Another problem I have with the enforcement of empathy is the shame that is imparted when you cannot immediately “feel” how someone else feels. You expected to either discern beforehand that how the group feels and pretend to have the populist belief or be at the risk of offending people — or worse being called a psychopath/sociopath. One time, unbeknownst to me that it is offensive, I said someone looked like Hagrid because of their curly voluminous hair, and their winter coat (at least in my head Hargrid is a positive character, and I know people who cosplay him). As a result, I was told off by the whole group of people, how I “might” have offended that person and should have never said this - “what if someone called you Shakira?”. Ironically, they weren’t empathetic toward me! I understand now that the comparison could have landed badly, but what bothered me was the assumption that I should have known that beforehand.

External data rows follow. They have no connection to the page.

(* Let $X$ be an (infinite) topological space. Then $|X|\le nh(X)^{c(X)\chi(X)}$.
   Context: A non-empty subset $A$ of a topological space $X$ is called finitely non-Hausdorff if for every non-empty finite subset $F\subseteq A$ and every family $\{U_x:x\in F\}$ where each $U_x$ is an open neighborhood of $x$, we have $\bigcap_{x\in F}U_x\neq\emptyset$. The non-Hausdorff number is $nh(X):=1+\sup\{|A|: A\subseteq X \text{ is finitely non-Hausdorff}\}$. The cellularity is $c(X):=\sup\{|\mathcal U|:\mathcal U$ a family of pairwise disjoint non-empty open subsets of $X\}+\omega$, and $\chi(X)=\sup_{x\in X}\chi(x,X)$ is the character, where $\chi(x,X)$ is the minimal cardinality of a local base at $x$. Throughout the paper, "space" means infinite topological space; exponentiation is cardinal exponentiation. *)

theory Defs
  imports "HOL-Analysis.Analysis"
begin

text \<open>Cardinals are represented, as in HOL's BNF cardinal library, by well-order
relations; card_of A is the cardinal of the set A, <=o / =o compare cardinals.\<close>

text \<open>S realizes the supremum of the cardinalities of the members of F
(least upper bound; all cardinals not exceeding card_of S are realized by subsets
of S, so quantifying over sets of the same type as S suffices).\<close>
definition is_card_sup :: "'x set set \<Rightarrow> 'b set \<Rightarrow> bool" where
  "is_card_sup F S \<longleftrightarrow>
     (\<forall>A\<in>F. (card_of A, card_of S) \<in> ordLeq) \<and>
     (\<forall>B::'b set. (\<forall>A\<in>F. (card_of A, card_of B) \<in> ordLeq) \<longrightarrow> (card_of S, card_of B) \<in> ordLeq)"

In another example, someone recently told me that it might be offensive to compare the facial appearance of teenage girls with their fathers. This is extremely counterintuitive to me because from where I come from, it is very common to say children resemble their parents. The point being that each person’s upbringing, culture, and experiences are different from the next and so are their feeling and judgement. How, then, does one expect the other to predict their reaction perfectly?
Famously, actor Denzel Washington when asked why the movie Fences’s writer wanted a black director, said - “I know, you know, we all know what it is when a hot comb hits your head on a Sunday morning, what it smells like. That’s a cultural difference, not just color difference.” So the question becomes, can you feel what a Black person feels when you have never felt a hot comb? And can you fully understand feminist in an embodied sense without being a woman, without knowing how a period cramp feels like every month, or without having eyes over you wherever you go and whatever you wear?
Perhaps the problem is not kindness, but how we talk about empathy. We treat empathy as if it means perfectly feeling what someone else feels. But maybe that is too much to expect given that one can never know whether their imagined version of another person’s experience is accurate. What we should instead expect is sympathy: the humility to admit that I may not feel what you feel, but I can still recognize that you feel it. Sympathy does not pretend to collapse two people’s experiences. It simply asks us to respect the difference in experiences while be caring.